В городе перестреляли всех городовых, несколько месяцев царили хаос, голод, холод и анархия, по улицам шныряли банды солдат, во имя революции «реквизировавшие» оружие, в уплату контрибуций – серебро, картины. Этому невозможно было помешать.

Лишь спустя год выяснилось, что к большевикам эти люди не имели никакого отношения, а ордер, с которым они явились, был филькиной грамотой. И таких погромов были сотни, тысячи…

Разграбленная квартира все это время пустовала и даже некоторое время, пока не назначили управдома, служила прибежищем бездомных. Он не знал, чему и во что верить, успел посадить жену с ребенком на поезд до Вологды, где их должен был встретить тесть, и чтобы самому себе доказать, что его дело – правое, вернулся в Красную армию рядовым. Потом расстрельный список, дни красного террора, морг Басманки.

– Я и ботинки сниму, ух, палец сдавили. – Грених вздрогнул, переносясь из прошлого в тряский дилижанс, и несколько секунд недоуменно смотрел в лицо угрюмой девочки с перебитым носом. Чувство, что он смотрит на собственное отражение из далекого бесцветного прошлого, парализовало его.

– Можно, папенька, можно? – дразнилась она. Грених не слушал, опять приоткрыл только один глаз, наблюдал.

– Ну, можно, ну, можно, нуможнонуможно…

– Нет, потерпи до остановки, – выдавил он подхриповатым голосом человека, который редко раскрывает рот. Сделал усилие, заставил себя улыбнуться, нагнулся, поднял фуражку.

Майка сверкнула исподлобья глазами, посерела лицом. Губы вытянулись в трубочку.

– Да провались эта телега сквозь землю! – И так топнула ногой, что транспорт сотрясло, будто от удара гигантским молотом по крыше. Пассажиры разом охнули, вскинули руки в отчаянной попытке схватиться за неподвижную опору. Но рядом, кроме соседей, никого не было – все сидели локоть к локтю, поэтому хватались друг за друга. Дилижанс встал, сильно накренившись. Грених схватился рукой за раму окна, но все равно упал на одно колено, с головы соскользнула шляпа, в спину влетела дородная тетка в телогрейке, по полу покатился румяный урожай совхоза «Прометей», какие-то инструменты, вещи, выпала из картонки шляпка с ядовито-изумрудным пером, за которой с визгом кинулась артистка.

Почти тотчас же ворвался возчик в картузе набекрень.

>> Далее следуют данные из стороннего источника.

lemma compl_scl:
  assumes A: "A \<subseteq> Y"
  shows "Y - scl Y le A = \<Union>{V \<in> opens Y le. V \<inter> A = {}}"
proof (intro equalityI subsetI)
  fix y assume "y \<in> Y - scl Y le A"
  then obtain C where "scott_closed Y le C" "A \<subseteq> C" "y \<notin> C" "y \<in> Y" by (auto simp: scl_def)
  then show "y \<in> \<Union>{V \<in> opens Y le. V \<inter> A = {}}" by (auto simp: scott_closed_iff)
next
  fix y assume "y \<in> \<Union>{V \<in> opens Y le. V \<inter> A = {}}"
  then obtain V where V: "V \<in> opens Y le" "V \<inter> A = {}" "y \<in> V" by blast
  have "V \<subseteq> Y" using V(1) by (rule opens_subset)
  then have "scott_closed Y le (Y - V)" using V by (simp add: scott_closed_iff double_diff)
  then show "y \<in> Y - scl Y le A" using V \<open>V \<subseteq> Y\<close> A scl_least[of Y le "Y - V" A] by blast
qed

lemma scl_eq: "A \<subseteq> Y \<Longrightarrow> scl Y le A = Y - \<Union>{V \<in> opens Y le. V \<inter> A = {}}"
  using compl_scl[of A Y le] scl_subset[of A Y le] by blast

lemma scott_closed_scl: "A \<subseteq> Y \<Longrightarrow> scott_closed Y le (scl Y le A)"
  unfolding scott_closed_iff using compl_scl[of A Y le] scl_subset[of A Y le]
  by (simp add: Union_in_opens subset_iff)

lemma Tobj_eq: "Tobj X le = opens X le - {X}"
  unfolding Tobj_def proper_def lat_top_opens by simp

lemma theta_theta_Tobj: "U \<in> Tobj X le \<Longrightarrow> theta X (theta X U) = U"
  using opens_subset[of U X le] by (auto simp: Tobj_eq theta_def)

lemma theta_in_Hobj: "U \<in> Tobj X le \<Longrightarrow> theta X U \<in> Hobj X le"
  using opens_subset[of U X le] theta_theta_Tobj[of U X le]
  by (auto simp: Tobj_eq Hobj_def scott_closed_iff theta_def)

– Никто не зашибся, граждане? – задыхаясь, выпалил он и, как глухонемой, отчаянно замахал руками, пытаясь начать объяснение. – К-колесо, к ч-чертям, в яму, четыре ступицы слетело. Наладить сразу – никак. За мастером в Белозерск надобно.

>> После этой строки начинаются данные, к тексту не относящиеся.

(* Let $r\ge 3$ be a prime power and let $q=r^2$. If there exist Hermitian self-orthogonal linear codes over $\mathbb{F}_q$ with parameters $[m,k_1,d_1]_q$ and $[m,k_2,d_2]_q$, then there exists a Hermitian self-orthogonal linear code over $\mathbb{F}_q$ with parameters $[2m,k_1+k_2,d]_q$ where $d\ge\min\{2d_1,d_2\}$.
   Context: For $a\in\mathbb{F}_q$, $\overline{a}:=a^r$. The Hermitian inner product on $\mathbb{F}_q^n$ is $\langle u,v\rangle_H=\sum_i u_i\overline{v_i}$; a linear code $C$ is Hermitian self-orthogonal if $C\subseteq C^{\perp_H}$, where $C^{\perp_H}$ is its dual under this inner product. A code with parameters $[n,k,d]_q$ is a linear code of length $n$, dimension $k$ and minimum Hamming weight $d$ over $\mathbb{F}_q$. *)

theory Defs
  imports "HOL-Number_Theory.Number_Theory" "HOL-Library.Function_Algebras"
begin

text \<open>Vectors of length n over a field 'a are modelled as functions nat => 'a
  vanishing outside {0..<n}; scalar multiplication is pointwise.\<close>

definition fscale :: "'a::field \<Rightarrow> (nat \<Rightarrow> 'a) \<Rightarrow> (nat \<Rightarrow> 'a)" where
  "fscale c v = (\<lambda>i. c * v i)"

definition vecs :: "nat \<Rightarrow> (nat \<Rightarrow> 'a::zero) set" where
  "vecs n = {v. \<forall>i\<ge>n. v i = 0}"

definition linear_code :: "nat \<Rightarrow> (nat \<Rightarrow> 'a::field) set \<Rightarrow> bool" where
  "linear_code n C \<longleftrightarrow> C \<subseteq> vecs n \<and> module.subspace fscale C"

definition code_dim :: "(nat \<Rightarrow> 'a::field) set \<Rightarrow> nat" where
  "code_dim C = vector_space.dim fscale C"

definition hweight :: "nat \<Rightarrow> (nat \<Rightarrow> 'a::zero) \<Rightarrow> nat" where
  "hweight n v = card {i. i < n \<and> v i \<noteq> 0}"

definition has_min_weight :: "nat \<Rightarrow> (nat \<Rightarrow> 'a::zero) set \<Rightarrow> nat \<Rightarrow> bool" where
  "has_min_weight n C d \<longleftrightarrow>
     (\<exists>v\<in>C. v \<noteq> 0 \<and> hweight n v = d) \<and> (\<forall>v\<in>C. v \<noteq> 0 \<longrightarrow> d \<le> hweight n v)"

definition is_nkd_code :: "nat \<Rightarrow> nat \<Rightarrow> nat \<Rightarrow> (nat \<Rightarrow> 'a::field) set \<Rightarrow> bool" where
  "is_nkd_code n k d C \<longleftrightarrow> linear_code n C \<and> code_dim C = k \<and> has_min_weight n C d"

text \<open>Hermitian inner product with conjugation a \<mapsto> a^r (q = r^2).\<close>
definition herm_ip :: "nat \<Rightarrow> nat \<Rightarrow> (nat \<Rightarrow> 'a::field) \<Rightarrow> (nat \<Rightarrow> 'a) \<Rightarrow> 'a" where
  "herm_ip r n u v = (\<Sum>i<n. u i * (v i) ^ r)"

definition herm_dual :: "nat \<Rightarrow> nat \<Rightarrow> (nat \<Rightarrow> 'a::field) set \<Rightarrow> (nat \<Rightarrow> 'a) set" where
  "herm_dual r n C = {v \<in> vecs n. \<forall>u\<in>C. herm_ip r n u v = 0}"

definition herm_self_orth :: "nat \<Rightarrow> nat \<Rightarrow> (nat \<Rightarrow> 'a::field) set \<Rightarrow> bool" where
  "herm_self_orth r n C \<longleftrightarrow> C \<subseteq> herm_dual r n C"

end

theory Submission
  imports Defs "HOL-Computational_Algebra.Polynomial"
begin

Грених медленно вернул шляпу на голову и отправил Майке укоризненный взгляд. Та залихватски усмехнулась, по-прежнему держа руки скрещенными на груди, но теперь ее нос был гордо вздернут. Ясное дело, вины девочки здесь никакой не было, но та считала, что это она развалила экипаж.

Все потихоньку, охая и причитая, принялись выползать из накрененного транспорта. Грених машинально подавал руку то одному, то другому, помогая подтянуться к дверце, которая оказалась значительно приподнятой над землей. Передал корзину с яблоками возчику, который суетился с той стороны, придержал за локоть даму в телогрейке, следом артистку с выбеленным лицом.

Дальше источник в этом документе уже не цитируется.